╭─ MATERIAL SUPPLIED

(* With $\varepsilon,N,q,P_{(0)},d$ as in the context, assume $4d^2<1$ and put $w_\pm=\frac{-1\pm\sqrt{1-4d^2}}{2d^2}$. Then $\hat R(w_\pm)=I+w_\pm P_{(0)}$ satisfy the braid equation $$\hat R_{12}(w_\pm)\hat R_{23}(w_\pm)\hat R_{12}(w_\pm)=\hat R_{23}(w_\pm)\hat R_{12}(w_\pm)\hat R_{23}(w_\pm),$$ and $\hat R(w_+)\hat R(w_-)=I$. Moreover, for every $w\in\mathbb C$, $\hat R(w)=\frac{(w-w_-)\hat R(w_+)-(w-w_+)\hat R(w_-)}{w_+-w_-}$.
   Context: Let $\varepsilon\in\{1,-1\}$, $N\ge 2$ (with $N=2n$ even if $\varepsilon=-1$), $q>0$, $[x]=(q^x-q^{-x})/(q-q^{-1})$ ($[x]=x$ if $q=1$). Define $\rho=(n-\tfrac12,\dots,\tfrac12,0,-\tfrac12,\dots,-n+\tfrac12)$ if $\varepsilon=1,N=2n+1$; $\rho=(n-1,\dots,1,0,0,-1,\dots,-n+1)$ if $\varepsilon=1,N=2n$; $\rho=(n,\dots,1,-1,\dots,-n)$ if $\varepsilon=-1,N=2n$. Let $\epsilon_i=1$ for all $i$ if $\varepsilon=1$; $\epsilon_i=1$ for $i\le n$ and $-1$ for $i>n$ if $\varepsilon=-1$. With $i'=N+1-i$ and matrix units $E_{ij}$, $P_{(0)}=(1+\varepsilon[N-\varepsilon])^{-1}\sum_{i,j}q^{\rho_i-\rho_j}\epsilon_i\epsilon_jE_{i',j}\otimes E_{i,j'}$ on $\mathbb C^N\otimes\mathbb C^N$; $1+\varepsilon[N-\varepsilon]\neq0$ is assumed and $d=(1+\varepsilon[N-\varepsilon])^{-1}$. $\hat R(w)=I+wP_{(0)}$; $A_{12}=A\otimes I$, $A_{23}=I\otimes A$. *)

theory Defs
  imports Complex_Main
begin

definition qnum :: "real \<Rightarrow> real \<Rightarrow> real" where
  "qnum q x = (if q = 1 then x else (q powr x - q powr (-x)) / (q - 1 / q))"

definition rho :: "int \<Rightarrow> nat \<Rightarrow> nat \<Rightarrow> real" where
  "rho eps N i = (let n = N div 2 in
     if eps = 1 \<and> odd N then
       (if i \<le> n then real n + 1/2 - real i
        else if i = n + 1 then 0
        else real n + 3/2 - real i)
     else if eps = 1 then
       (if i \<le> n then real n - real i else real n + 1 - real i)
     else
       (if i \<le> n then real n + 1 - real i else real n - real i))"

definition sgn_i :: "int \<Rightarrow> nat \<Rightarrow> nat \<Rightarrow> real" where
  "sgn_i eps N i = (if eps = -1 \<and> i > N div 2 then -1 else 1)"

definition dconst :: "int \<Rightarrow> nat \<Rightarrow> real \<Rightarrow> real" where
  "dconst eps N q = 1 / (1 + real_of_int eps * qnum q (real N - real_of_int eps))"

text \<open>Operators on C^N (x) C^N as matrices indexed by pairs in {1..N} x {1..N};
  entry ((a,b),(c,e)) is the coefficient of e_a (x) e_b in the image of e_c (x) e_e.
  P_(0) = d * sum_{i,j} q^(rho_i - rho_j) eps_i eps_j E_{i',j} (x) E_{i,j'}, with i' = N+1-i.\<close>
definition P0 :: "int \<Rightarrow> nat \<Rightarrow> real \<Rightarrow> nat \<times> nat \<Rightarrow> nat \<times> nat \<Rightarrow> complex" where
  "P0 eps N q x y = (case x of (a, b) \<Rightarrow> case y of (c, e) \<Rightarrow>
     complex_of_real (dconst eps N q *
       (\<Sum>i\<in>{1..N}. \<Sum>j\<in>{1..N}.
          (if a = N + 1 - i \<and> b = i \<and> c = j \<and> e = N + 1 - j
           then q powr (rho eps N i - rho eps N j) * sgn_i eps N i * sgn_i eps N j
           else 0))))"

╰─

→ **PROBLEM STATEMENT**:
At the line containing "i' = N+1-i.\<close>", start copying. Continue exactly through the final line of the entries above and stop there.

→ **COMPLETED EXERCISE**:
  P_(0) = d * sum_{i,j} q^(rho_i - rho_j) eps_i eps_j E_{i',j} (x) E_{i,j'}, with i' = N+1-i.\<close>
definition P0 :: "int \<Rightarrow> nat \<Rightarrow> real \<Rightarrow> nat \<times> nat \<Rightarrow> nat \<times> nat \<Rightarrow> complex" where
  "P0 eps N q x y = (case x of (a, b) \<Rightarrow> case y of (c, e) \<Rightarrow>
     complex_of_real (dconst eps N q *
       (\<Sum>i\<in>{1..N}. \<Sum>j\<in>{1..N}.
          (if a = N + 1 - i \<and> b = i \<and> c = j \<and> e = N + 1 - j
           then q powr (rho eps N i - rho eps N j) * sgn_i eps N i * sgn_i eps N j
           else 0))))"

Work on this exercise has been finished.